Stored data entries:
>>>>>

(* Let $(!, \delta, \varepsilon, \Delta, \mathsf{e}, \mathsf{m},\mathsf{m}_K)$ be a monoidal coalgebra modality on an additive symmetric monoidal category $(\mathbb{X}, \otimes, K)$. Then there exists a natural transformation $\mathsf{S}_A: !(A) \to !(A)$ such that for each object $A$, $(!(A), \nabla_A, \mathsf{u}_A, \Delta_A, \mathsf{e}_A, \mathsf{S}_A)$ is a cocommutative Hopf monoid if and only if $(\mathbb{X}, \otimes, K)$ is enriched over abelian groups (i.e. has negatives: every map $f$ has an additive inverse $-f$ with $f+(-f)=0$).
   Context: Composition is in diagrammatic order; $\ell,\rho$ are the unitors. An additive symmetric monoidal category is a symmetric monoidal category whose hom-sets are commutative monoids ($+$, $0$), with composition and $\otimes$ preserving sums and zeros in each argument. A monoidal coalgebra modality is a symmetric monoidal comonad $(!,\delta,\varepsilon,\mathsf{m},\mathsf{m}_K)$ ($\mathsf{m}_{A,B}:!(A)\otimes!(B)\to!(A\otimes B)$, $\mathsf{m}_K:K\to!(K)$) with natural cocommutative comonoids $(!(A),\Delta_A,\mathsf{e}_A)$ such that $\delta_A$ is a comonoid morphism and $\Delta,\mathsf{e}$ are monoidal transformations and $!$-coalgebra morphisms. Here $\nabla_A := (\delta_A\otimes\delta_A);\mathsf{m}_{!(A),!(A)};!\big(((\varepsilon_A\otimes\mathsf{e}_A);\rho_A)+((\mathsf{e}_A\otimes\varepsilon_A);\ell_A)\big)$ and $\mathsf{u}_A:=\mathsf{m}_K;!(0_{K,A})$, which make $(!(A),\nabla_A,\mathsf{u}_A,\Delta_A,\mathsf{e}_A)$ a commutative and cocommutative bimonoid. A Hopf monoid is a bimonoid with antipode $\mathsf{S}$ satisfying $\Delta;(1\otimes\mathsf{S});\nabla=\mathsf{e};\mathsf{u}=\Delta;(\mathsf{S}\otimes1);\nabla$. *)

theory Defs
  imports Main
begin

<<<<<

Repeat all of the records above exactly as written.

(* Let $(!, \delta, \varepsilon, \Delta, \mathsf{e}, \mathsf{m},\mathsf{m}_K)$ be a monoidal coalgebra modality on an additive symmetric monoidal category $(\mathbb{X}, \otimes, K)$. Then there exists a natural transformation $\mathsf{S}_A: !(A) \to !(A)$ such that for each object $A$, $(!(A), \nabla_A, \mathsf{u}_A, \Delta_A, \mathsf{e}_A, \mathsf{S}_A)$ is a cocommutative Hopf monoid if and only if $(\mathbb{X}, \otimes, K)$ is enriched over abelian groups (i.e. has negatives: every map $f$ has an additive inverse $-f$ with $f+(-f)=0$).
   Context: Composition is in diagrammatic order; $\ell,\rho$ are the unitors. An additive symmetric monoidal category is a symmetric monoidal category whose hom-sets are commutative monoids ($+$, $0$), with composition and $\otimes$ preserving sums and zeros in each argument. A monoidal coalgebra modality is a symmetric monoidal comonad $(!,\delta,\varepsilon,\mathsf{m},\mathsf{m}_K)$ ($\mathsf{m}_{A,B}:!(A)\otimes!(B)\to!(A\otimes B)$, $\mathsf{m}_K:K\to!(K)$) with natural cocommutative comonoids $(!(A),\Delta_A,\mathsf{e}_A)$ such that $\delta_A$ is a comonoid morphism and $\Delta,\mathsf{e}$ are monoidal transformations and $!$-coalgebra morphisms. Here $\nabla_A := (\delta_A\otimes\delta_A);\mathsf{m}_{!(A),!(A)};!\big(((\varepsilon_A\otimes\mathsf{e}_A);\rho_A)+((\mathsf{e}_A\otimes\varepsilon_A);\ell_A)\big)$ and $\mathsf{u}_A:=\mathsf{m}_K;!(0_{K,A})$, which make $(!(A),\nabla_A,\mathsf{u}_A,\Delta_A,\mathsf{e}_A)$ a commutative and cocommutative bimonoid. A Hopf monoid is a bimonoid with antipode $\mathsf{S}$ satisfying $\Delta;(1\otimes\mathsf{S});\nabla=\mathsf{e};\mathsf{u}=\Delta;(\mathsf{S}\otimes1);\nabla$. *)

theory Defs
  imports Main
begin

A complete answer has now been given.